While you aren’t likely to see Winnie the Pooh, you will see UK students and Lexington residents looking to explore nature in the Arboretum.

The Arboretum has been a place of refuge for city-slickers since becoming Kentucky’s State Botanical Garden in 2001.

In 1990, research land from the College of Agriculture was donated to be a joint venture between them and the city of Lexington.

Molly Davis, director of the Arboretum, said the master plan to guide the development and mission of the Arboretum has largely been followed.

The Arboretum contains a children’s garden, a rose garden, a fragrance garden, a home demonstration garden, and a two mile “Walk Through Kentucky” that covers the seven physiographic regions of the state.

“The plant matter has been collected by seed and brought here and grown,” Davis said. “It’s a really unusual way to run an arboretum.”

The separate areas allow the Arboretum to create specific learning events based on that part of Kentucky.

At last year’s Arbor Day event, the Arboretum staff chose the theme “past, present and future” to help kick off a successful Arbor Day. Davis said the first event took place in the Cumberland Mountain region with Native Americans teaching how their ancestors would have grown and cooked food.

The Arboretum also allows staff to provide younger children with hands-on learning opportunities. Entire classrooms will come from schools across the city to gain insight into natural science.
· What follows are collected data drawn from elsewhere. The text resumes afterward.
(* Let $A,B,C$ be dendrons. If $AB=AC$, then $B=C$.
   Context: A finite dynamical system (FDS) is a function $A:S_A\to S_A$ on a finite set, considered up to isomorphism of functional graphs (arcs $x\to A(x)$). The product $AB$ acts on $S_A\times S_B$ by $(a,b)\mapsto(A(a),B(b))$. A dendron is an FDS whose functional graph is connected and which has a fixpoint (a state $s$ with $A(s)=s$). *)

theory Defs
  imports Main
begin

text \<open>A finite dynamical system (FDS) is represented by a finite carrier set S
  and a function f mapping S into S (values of f outside S are irrelevant).\<close>

definition fds :: "'a set \<Rightarrow> ('a \<Rightarrow> 'a) \<Rightarrow> bool" where
  "fds S f \<longleftrightarrow> finite S \<and> (\<forall>x\<in>S. f x \<in> S)"

definition fds_arcs :: "'a set \<Rightarrow> ('a \<Rightarrow> 'a) \<Rightarrow> ('a \<times> 'a) set" where
  "fds_arcs S f = {(x, f x) | x. x \<in> S}"

definition fds_connected :: "'a set \<Rightarrow> ('a \<Rightarrow> 'a) \<Rightarrow> bool" where
  "fds_connected S f \<longleftrightarrow>
     (\<forall>x\<in>S. \<forall>y\<in>S. (x, y) \<in> (fds_arcs S f \<union> (fds_arcs S f)\<inverse>)\<^sup>*)"

definition dendron :: "'a set \<Rightarrow> ('a \<Rightarrow> 'a) \<Rightarrow> bool" where
  "dendron S f \<longleftrightarrow> fds S f \<and> fds_connected S f \<and> (\<exists>s\<in>S. f s = s)"

definition fds_iso :: "'a set \<Rightarrow> ('a \<Rightarrow> 'a) \<Rightarrow> 'b set \<Rightarrow> ('b \<Rightarrow> 'b) \<Rightarrow> bool" where
  "fds_iso S f T g \<longleftrightarrow> (\<exists>h. bij_betw h S T \<and> (\<forall>x\<in>S. h (f x) = g (h x)))"

definition fds_prod_set :: "'a set \<Rightarrow> 'b set \<Rightarrow> ('a \<times> 'b) set" where
  "fds_prod_set S T = S \<times> T"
These groups will learn specific lessons, such as the life cycle of the butterfly in a setting where butterflies can come and go freely.

Older nature enthusiasts can attend demonstrations in the home demonstration garden. This area contains vegetable and flower plants that can easily be grown at home, as well as educational help from the Arboretum’s staff.
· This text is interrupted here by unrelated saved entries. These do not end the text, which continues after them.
text \<open>A lower bound \<open>-\<infinity>\<close> means that the coordinate is only bounded from above.\<close>

definition rect_prob :: "ereal \<Rightarrow> real \<Rightarrow> ereal \<Rightarrow> real \<Rightarrow> ereal \<Rightarrow> real \<Rightarrow> real" where
  "rect_prob a1 b1 a2 b2 a3 b3 = measure M {\<omega>\<in>space M.
     a1 < ereal (X \<omega> $ 1) \<and> X \<omega> $ 1 \<le> b1 \<and> a2 < ereal (X \<omega> $ 2) \<and> X \<omega> $ 2 \<le> b2 \<and>
     a3 < ereal (X \<omega> $ 3) \<and> X \<omega> $ 3 \<le> b3}"

lemma sets_rect [simp]: "{\<omega>\<in>space M.
     a1 < ereal (X \<omega> $ 1) \<and> X \<omega> $ 1 \<le> b1 \<and> a2 < ereal (X \<omega> $ 2) \<and> X \<omega> $ 2 \<le> b2 \<and>
     a3 < ereal (X \<omega> $ 3) \<and> X \<omega> $ 3 \<le> b3} \<in> sets M"
  by measurable

lemma rect_prob_split_1: "a \<le> b1 \<Longrightarrow>
    rect_prob (ereal a) b1 a2 b2 a3 b3 = rect_prob (-\<infinity>) b1 a2 b2 a3 b3 - rect_prob (-\<infinity>) a a2 b2 a3 b3"
  unfolding rect_prob_def
  by (subst finite_measure_Diff[symmetric]) (auto intro!: arg_cong[where f = "measure M"])

lemma rect_prob_split_2: "a \<le> b2 \<Longrightarrow>
    rect_prob a1 b1 (ereal a) b2 a3 b3 = rect_prob a1 b1 (-\<infinity>) b2 a3 b3 - rect_prob a1 b1 (-\<infinity>) a a3 b3"
  unfolding rect_prob_def
  by (subst finite_measure_Diff[symmetric]) (auto intro!: arg_cong[where f = "measure M"])

lemma rect_prob_split_3: "a \<le> b3 \<Longrightarrow>
    rect_prob a1 b1 a2 b2 (ereal a) b3 = rect_prob a1 b1 a2 b2 (-\<infinity>) b3 - rect_prob a1 b1 a2 b2 (-\<infinity>) a"
  unfolding rect_prob_def
  by (subst finite_measure_Diff[symmetric]) (auto intro!: arg_cong[where f = "measure M"])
Edible plants are grown according to season, helping future gardeners know what is appropriate to plant.

“Anything we grow here we can’t sell, we can’t eat and we can’t partake of,” Davis said.
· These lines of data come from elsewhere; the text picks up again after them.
lemma unimax_decomp_if_star_prod_fhomog:
  assumes "star_prod_fhomog D st x" "x \<in> D" "x \<noteq> 0" "\<not> dunit D x"
  obtains u ys where "dunit D u" "ys \<noteq> []" "\<forall>y\<in>set ys. unimax y" "x = u * prod_list ys" star_bezout
proof -
  obtain u ys where u: "dunit D u" "ys \<noteq> []" "\<forall>y\<in>set ys. star_f_homog_elem D st y" "x = u * prod_list ys"
    using star_prod_fhomog_decomp[OF assms] by blast
  obtain y where "y \<in> set ys" using u(2) by (cases ys) auto
  hence star_bezout using u(3) star_bezout_if_f_homog[of "smul y D"] by (simp add: star_f_homog_elem_def)
  thus ?thesis using that u unimax_if_f_homog_elem by blast
qed

lemma max_containing_unit_prod:
  assumes "dunit D u" "\<forall>y\<in>set ys. unimax y" "maximal_star_ideal D st P" "u * prod_list ys \<in> P"
  shows "P \<in> max_of ` set ys"
proof -
  have "set (u # ys) \<subseteq> D" using assms(1,2) unimax_D by (auto simp: dunit_def)
  from max_prod_list[OF assms(3) this] obtain y where y: "y \<in> set (u # ys)" "y \<in> P"
    using assms(4) by auto
  moreover have "u \<notin> P" using dunit_notin_max[OF assms(3,1)] .
  ultimately have "y \<in> set ys" by auto
  moreover from this have "max_of y = P" using max_of_eq[OF _ assms(3) y(2)] assms(2) by blast
  ultimately show ?thesis by blast
qed

lemma prime_ideal_prod_list:
  assumes "prime_ideal D R" "set xs \<subseteq> D" "prod_list xs \<in> R"
  shows "\<exists>x\<in>set xs. x \<in> R"
  using assms(2,3)
proof (induction xs)
  case Nil
  have "R \<subseteq> D" "dsubmodule D R" "R \<noteq> D" using assms(1) by (auto simp: prime_ideal_def)
  thus ?case using Nil dsubmodule_eq_D_if_one by auto
next
  case (Cons a xs)
  have "\<forall>a\<in>D. \<forall>b\<in>D. a * b \<in> R \<longrightarrow> a \<in> R \<or> b \<in> R" using assms(1) by (simp add: prime_ideal_def)
  thus ?case using Cons D_prod_list[of xs] by auto
qed

lemma prime_ideal_contains_unimax_factor:
  assumes "prime_ideal D R" "dunit D u" "\<forall>y\<in>set ys. unimax y" "u * prod_list ys \<in> R"
  shows "\<exists>y\<in>set ys. y \<in> R"
proof -
  have uD: "u \<in> D" "inverse u \<in> D" "u \<noteq> 0" using assms(2) by (auto simp: dunit_def)
  have R: "R \<subseteq> D" "dsubmodule D R" "R \<noteq> D" using assms(1) by (auto simp: prime_ideal_def)
  have "u \<notin> R"
  proof
    assume "u \<in> R"
    hence "inverse u * u \<in> R" using dsubmodule_mult[OF R(2) uD(2)] by blast
    hence "1 \<in> R" using uD(3) by simp
    thus False using dsubmodule_eq_D_if_one[OF R(2,1)] R(3) by blast
  qed
  have "set (u # ys) \<subseteq> D" using uD(1) assms(3) unimax_D by auto
  from prime_ideal_prod_list[OF assms(1) this] obtain z where "z \<in> set (u # ys)" "z \<in> R"
    using assms(4) by auto
  thus ?thesis using \<open>u \<notin> R\<close> by auto
qed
Davis said plants raised in the demonstration garden is given to local food pantries.

If gardening isn’t a guest’s  interest, the free admission means anyone can enjoy nature. The Arboretum’s two mile track makes it a popular place to exercise and bring pets to run.

“I don’t know if it’s documented, but there’s a connection with walking as meditation,” Davis said. “I think it’s really good therapy.”

Davis said she has also seen students studying on the grassy areas, but said students should remember what the Arboretum is about.

“If you’ve only come here to run, slow down and look at the plants,” Davis said.